Five Worst Anti-Weed PSAs in Television History (Video)

Today is April 20. In case you missed it or are too high to remember (if you did check out this, and this, and this), it's National Pot Smoking Day, or Weed Day, or Bill of Rights for Stoners Day. The point is there's a lot of emphasis on the pot today. That's a lot peer pressure.

And being the responsible corporate citizens that we are here at New Times, we don't want you to be unduly swayed by some of the coverage we are dedicating to everything Mary Jane. Remember, drugs are bad. Or at least that's what PSA's have been saying for years. But, really, can you honestly trust Pee-wee Herman (you'll see what we mean). So sit back and enjoy some of these gems. Not for nothing, but they're probably better if you spark up to watch. As they say, the more you know...

5. Daddy's a Pot Head

Here's a classic from the late 1980s. Though acting is sometimes an afterthought in PSAs we think dad's expression after being told he is responsible for his dope fiend son's actions is Oscar worthy.

4. Your Brain on Drugs -- Anyone Got the Munchies

Your brain on drugs is looking really tasty right now. Add some cheese, maybe a little Tabasco and your night of wild pot smoking just got even better.

3.5 Pee-wee Shows His Crack

Remember Pee-wee? How can you forget him after this doozie. Yeah, yeah, we know this is for crack cocaine but it had to be included. Did you see how serious Pee-wee is? Uh, was this before or after he was caught playing handball in a movie theater?

3. Rover Against Stoners

Some people get really paranoid when they smoke pot. But can you really blame them? How would you feel if you're freaking dog gave you a guilt trip every time you took a hit.

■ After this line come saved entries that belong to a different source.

(* For $n\ge 0$ let $C_n$ denote the cycle graph on $n$ vertices (with the conventions that $C_0$ is the empty graph, $C_1$ is a single vertex, $C_2$ is a single edge, and for $n\ge 3$ $C_n$ is the connected graph on $n$ vertices all of degree $2$). Then, as formal power series in $x$, $$\sum_{n\ge 0} \mathrm{sa}(C_n;t)\, x^n = \frac12 + \frac{1}{2\sqrt{1+4x^2}}\cdot\frac{(t^2+1)x + t\sqrt{1+4x^2}}{t-(t^2-1)x}.$$
   Context: All graphs are finite, simple and undirected. For a graph $G=(V,E)$ and $V'\subseteq V$, $G|_{V'}$ denotes the induced subgraph on $V'$. The signed a-number $\mathrm{sa}(G)$ is defined recursively: $\mathrm{sa}(G)=1$ if $G$ is the empty graph (no vertices); $\mathrm{sa}(G)=0$ if $G$ has a connected component with an odd number of vertices; otherwise $\mathrm{sa}(G)=-\sum_{V'\subsetneq V}\mathrm{sa}(G|_{V'})$. The signed a-polynomial of $G$ is $\mathrm{sa}(G;t)=\sum_{V'\subseteq V}\mathrm{sa}(G|_{V'})\,t^{|V\setminus V'|}$. *)

theory Defs
  imports "HOL-Computational_Algebra.Polynomial" "HOL-Computational_Algebra.Formal_Power_Series"
    "HOL-Computational_Algebra.Fraction_Field"
begin

text \<open>A finite simple graph is represented by a vertex set V and a symmetric, irreflexive
  adjacency relation E; the induced subgraph on V' is represented by (E, V').
  Only the restriction of E to the current vertex set matters.\<close>

definition component :: "('a \<Rightarrow> 'a \<Rightarrow> bool) \<Rightarrow> 'a set \<Rightarrow> 'a \<Rightarrow> 'a set" where
  "component E V v = {w \<in> V. (\<lambda>x y. x \<in> V \<and> y \<in> V \<and> E x y)\<^sup>*\<^sup>* v w}"

definition has_odd_component :: "('a \<Rightarrow> 'a \<Rightarrow> bool) \<Rightarrow> 'a set \<Rightarrow> bool" where
  "has_odd_component E V \<longleftrightarrow> (\<exists>v\<in>V. odd (card (component E V v)))"

function sa :: "('a \<Rightarrow> 'a \<Rightarrow> bool) \<Rightarrow> 'a set \<Rightarrow> int" where
  "sa E V = (if V = {} then 1
             else if \<not> finite V then 0
             else if has_odd_component E V then 0
             else - (\<Sum>V'\<in>{V'. V' \<subset> V}. sa E V'))"
  by pat_completeness auto
termination
  by (relation "measure (\<lambda>(E, V). card V)") (auto intro: psubset_card_mono)

declare sa.simps [simp del]

definition sa_poly :: "('a \<Rightarrow> 'a \<Rightarrow> bool) \<Rightarrow> 'a set \<Rightarrow> int poly" where
  "sa_poly E V = (\<Sum>V'\<in>Pow V. monom (sa E V') (card (V - V')))"

text \<open>Cycle graph C_n on vertices {0..<n}: i ~ j iff i, j distinct and consecutive mod n.
  C_0 empty, C_1 single vertex, C_2 single edge.\<close>
definition cycle_adj :: "nat \<Rightarrow> nat \<Rightarrow> nat \<Rightarrow> bool" where
  "cycle_adj n i j \<longleftrightarrow> i \<noteq> j \<and> (j = Suc i mod n \<or> i = Suc j mod n)"

definition cycle_verts :: "nat \<Rightarrow> nat set" where
  "cycle_verts n = {..<n}"

type_synonym ratfun = "rat poly fract"

definition tvar :: ratfun where "tvar = Fract [:0, 1:] 1"

definition poly_to_ratfun :: "int poly \<Rightarrow> ratfun" where
  "poly_to_ratfun p = Fract (map_poly of_int p) 1"

text \<open>The power series sqrt(1 + 4 x^2) with constant term 1.\<close>
definition sqrt_1_4x2 :: "ratfun fps" where
  "sqrt_1_4x2 = fps_radical (\<lambda>_ _. 1) 2 (1 + 4 * fps_X ^ 2)"

end

theory Submission
  imports Defs "HOL-Computational_Algebra.Polynomial_Factorial"
begin

text \<open>
  Sort the induced subgraphs of the cycle \<open>C\<^sub>n\<close> by their first and last missing vertex: what
  remains is the arc outside these two vertices, a path, together with an induced subgraph of the
  path strictly between them. As \<open>sa\<close> is multiplicative over disjoint unions and invariant under
  isomorphism, the cycle series is expressed through \<open>P(x) = \<Sum> sa(P\<^sub>m) x\<^sup>m\<close> and
  \<open>W\<^sub>t(x) = \<Sum> sa(P\<^sub>m; t) x\<^sup>m\<close>, and cutting a path at its first missing vertex gives
  \<open>W\<^sub>t = P + t x P W\<^sub>t\<close>.

  At \<open>t = 1\<close> the sa-polynomial of a non-empty graph without odd components vanishes, while
  \<open>sa\<close> itself vanishes on odd paths and cycles. Comparing the series with their images under
  \<open>x \<mapsto> -x\<close> therefore gives \<open>P + x\<^sup>2 P\<^sup>2 = 1\<close>, i.e. \<open>sqrt(1 + 4x\<^sup>2) = 1 + 2x\<^sup>2 P\<close>, and
  \<open>\<Sum> sa(C\<^sub>n) x\<^sup>n = 1 - x\<^sup>2 (x P)'\<close>; substituting into the decomposition yields the closed form.
\<close>

section \<open>The signed a-number\<close>

definition induced_adj :: "('a \<Rightarrow> 'a \<Rightarrow> bool) \<Rightarrow> 'a set \<Rightarrow> 'a \<Rightarrow> 'a \<Rightarrow> bool" where
  "induced_adj E V x y \<longleftrightarrow> x \<in> V \<and> y \<in> V \<and> E x y"

lemma component_eq: "component E V v = {w \<in> V. (induced_adj E V)\<^sup>*\<^sup>* v w}"
  unfolding component_def induced_adj_def by simp

lemma component_subset: "component E V v \<subseteq> V"
  unfolding component_def by auto

lemma sa_empty [simp]: "sa E {} = 1"
  by (subst sa.simps) simp

lemma sa_eq_neg_sum_psubsets:
  "finite V \<Longrightarrow> V \<noteq> {} \<Longrightarrow> \<not> has_odd_component E V \<Longrightarrow>
    sa E V = - (\<Sum>V'\<in>Pow V - {V}. sa E V')"
  by (subst sa.simps) (simp add: Pow_def set_diff_eq psubset_eq conj_commute)

lemma sa_has_odd_component: "has_odd_component E V \<Longrightarrow> sa E V = 0"
  by (subst sa.simps) (auto simp: has_odd_component_def)

lemma sum_Pow_split_top:
  "finite V \<Longrightarrow> (\<Sum>V'\<in>Pow V. g V') = g V + (\<Sum>V'\<in>Pow V - {V}. g V')"
  by (simp add: sum.remove)

lemma sum_sa_Pow_eq_0:
  assumes "finite V" "V \<noteq> {}" "\<not> has_odd_component E V"
  shows "(\<Sum>V'\<in>Pow V. sa E V') = 0"
  using sa_eq_neg_sum_psubsets[OF assms] sum_Pow_split_top[OF assms(1), of "sa E"] by simp

lemma connected_has_odd_component_iff:
  assumes "v \<in> V" "\<And>w. w \<in> V \<Longrightarrow> (induced_adj E V)\<^sup>*\<^sup>* v w \<and> (induced_adj E V)\<^sup>*\<^sup>* w v"
  shows "has_odd_component E V \<longleftrightarrow> odd (card V)"
proof -
  have "component E V u = V" if "u \<in> V" for u
    unfolding component_eq using assms that by (auto intro: rtranclp_trans)
  then show ?thesis unfolding has_odd_component_def using assms(1) by auto
qed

2. Smoking Pot Makes You Gay

Okay, so maybe this video isn't really a PSA, but it's pretty good. More than a condemnation of marijuana, we think its a statement on whether one sees the glass half full or half empty. Make sure you watch it all the way through.

1. Why Squares Start Smoking

Granted this is the '80s, but there is still no excuse for this song and those outfits. If the choice was between lighting up or joining these squares, well, there really wasn't any choice at all. Go ahead. Light up that blunt.